Que, los Vocales recurridos al resolver el recurso de apelación que la ejecutante interpuso, apartándose de los fundamentos de la apelación en un acto ilegal y ultrapetita, dictan el Auto de Vista 011/00 de 7 de enero de 2000 disponiendo la nulidad de obrados hasta fs. 39, atentando contra el anterior Auto de la Sala Civil Primera, vulnerando así la autoridad de cosa juzgada y restringiéndoles sus derechos y garantías constitucionales principalmente el debido proceso. Señala que con dicha resolución los recurridos atentan también contra la seguridad jurídica, pues hay conflicto sobre cuál resolución aplicar, además que se atenta contra el principio “NON REFORMATIO IN PEIUS”, pues le agravaron su situación a la ejecutante, ya que con la ilegal resolución se pretende retrotraer etapas procesales precluidas con argumentos que no están sancionados con nulidad, vulnerándose con ello también los arts. 251-I del Código de Procedimiento Civil, 28 de la Ley Nº 1760 que sustituye el artículo 490 del referido Código, que señala que una vez ejecutoriada la sentencia en un proceso ejecutivo, las partes pueden modificar dicha resolución en proceso ordinario, lo que ya no puede ocurrir en el caso de autos, porque la sentencia ejecutoriada es de 28 de abril de 1998, es decir que no sólo se trata de cosa juzgada formal sino de cosa juzgada material, por lo que por mandato de los art. 514 y 515  del Código de  Procedimiento Civil es inmodificable. Manifiesta que contra el ilegal Auto de Vista anulatorio la ejecutante interpuso recurso de casación  para ante la Corte Suprema de Justicia; ésta por Auto Supremo Nº 114 de 7 de junio de 2001, declaró la improcedencia del recurso extraordinario argumentando que en procesos ejecutivos no hay la permisión de dicha interposición aún cuando en ellos se incurra en irregularidades, empero llamó la atención a los ahora recurridos por no haber estudiado el caso y evitar quejas como las expuestas.
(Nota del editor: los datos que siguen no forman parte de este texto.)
lemma keys_euler_op: "Poly_Mapping.keys (euler_op l f) \<subseteq> Poly_Mapping.keys f"
  by (auto simp: in_keys_iff lookup_euler_op)

lemma sum_euler_op_homogeneous:
  assumes "\<And>m. m \<in> Poly_Mapping.keys f \<Longrightarrow> (\<Sum>i\<in>UNIV. Poly_Mapping.lookup m i) = d"
  shows "(\<Sum>l\<in>UNIV. euler_op l f) = of_nat d * f"
proof (rule poly_mapping_eqI)
  fix m
  have "Poly_Mapping.lookup (\<Sum>l\<in>UNIV. euler_op l f) m
      = (\<Sum>l\<in>UNIV. of_nat (Poly_Mapping.lookup m l)) * Poly_Mapping.lookup f m"
    by (simp add: lookup_sum lookup_euler_op sum_distrib_right)
  also have "\<dots> = of_nat d * Poly_Mapping.lookup f m"
    using assms[of m] by (cases "m \<in> Poly_Mapping.keys f") (auto simp: in_keys_iff)
  also have "\<dots> = Poly_Mapping.lookup (of_nat d * f) m"
    using lookup_mp_const_mult[of "of_nat d" f m] by (simp add: mp_const_of_nat)
  finally show "Poly_Mapping.lookup (\<Sum>l\<in>UNIV. euler_op l f) m = Poly_Mapping.lookup (of_nat d * f) m" .
qed

text \<open>The order on monomials is the lexicographic order of HOL-Library.Poly_Mapping; all that
  matters is that it is a linear order compatible with addition.\<close>

definition lead_monom :: "'n::linorder mpoly \<Rightarrow> ('n \<Rightarrow>\<^sub>0 nat)" where
  "lead_monom f = Max (Poly_Mapping.keys f)"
Concluye indicando que al no existir recurso ulterior alguno para recurrir en resguardo y protección inmediata de los legítimos derechos y garantías previstos en los arts. “7 inc. 1), 16, 19, 35 y 229 de la Constitución” pide que el recurso sea declarado procedente disponiéndose la anulación del Auto de Vista 011/2000 dictado por los recurridos.

             CONSIDERANDO: Que, siendo admitido el Recurso por Auto de 17 de agosto de 2001, corriente a fs. 110 de obrados, e instalada la audiencia pública el 20 del mismo mes y año, cual consta de fs. 128 a 130, el recurrente a través de su abogado ratificó su demanda por extenso y reiteró los términos de la misma.

Que para proteger en materia de Amparo, éste debe ser planteado inmediatamente de conocida la lesión del derecho o garantía fundamental, cuando no existe otro recurso para repararlos; en el caso de autos, el recurrente si bien interpuso el recurso de casación éste ya no correspondía de acuerdo a procedimiento, de modo que plantea el recurso extemporáneamente, dado que fue notificado con la resolución que impugna el 14 de enero de 2000, transcurriendo hasta la fecha diecinueve meses de la citada resolución, extremo que de hecho impediría a este Tribunal compulsar el Recurso en el fondo.

Que sin embargo, a efectos de ilustrar sobre la jurisdicción constitucional, ésta ha dejado sentado en varios de sus fallos que el derecho al debido proceso, al igual que los otros derechos de tal categoría, debe ser celosamente resguardado por los administradores de justicia, en la tramitación de los procesos que dirigen, de modo que no se puede tachar de nula una resolución que dicte un Tribunal superior anulando obrados cuando en el trámite del proceso que compulsa advierte evidentes infracciones que vulneren el referido derecho, en cuyo caso la cosa juzgada es inexistente y no puede causar efectos jurídicos.

Que, asimismo, no puede declararse improcedente el Amparo “en observancia del Art. 120 num. 1) de la C.P.E.”, pues este artículo simplemente se circunscribe a establecer una de las competencias del Tribunal Constitucional y de ninguna manera establece prohibición para conocer resoluciones judiciales, pues éstas pueden ser revisadas en la jurisdicción constitucional cuando han sido dictadas en franca violación a los derechos fundamentales.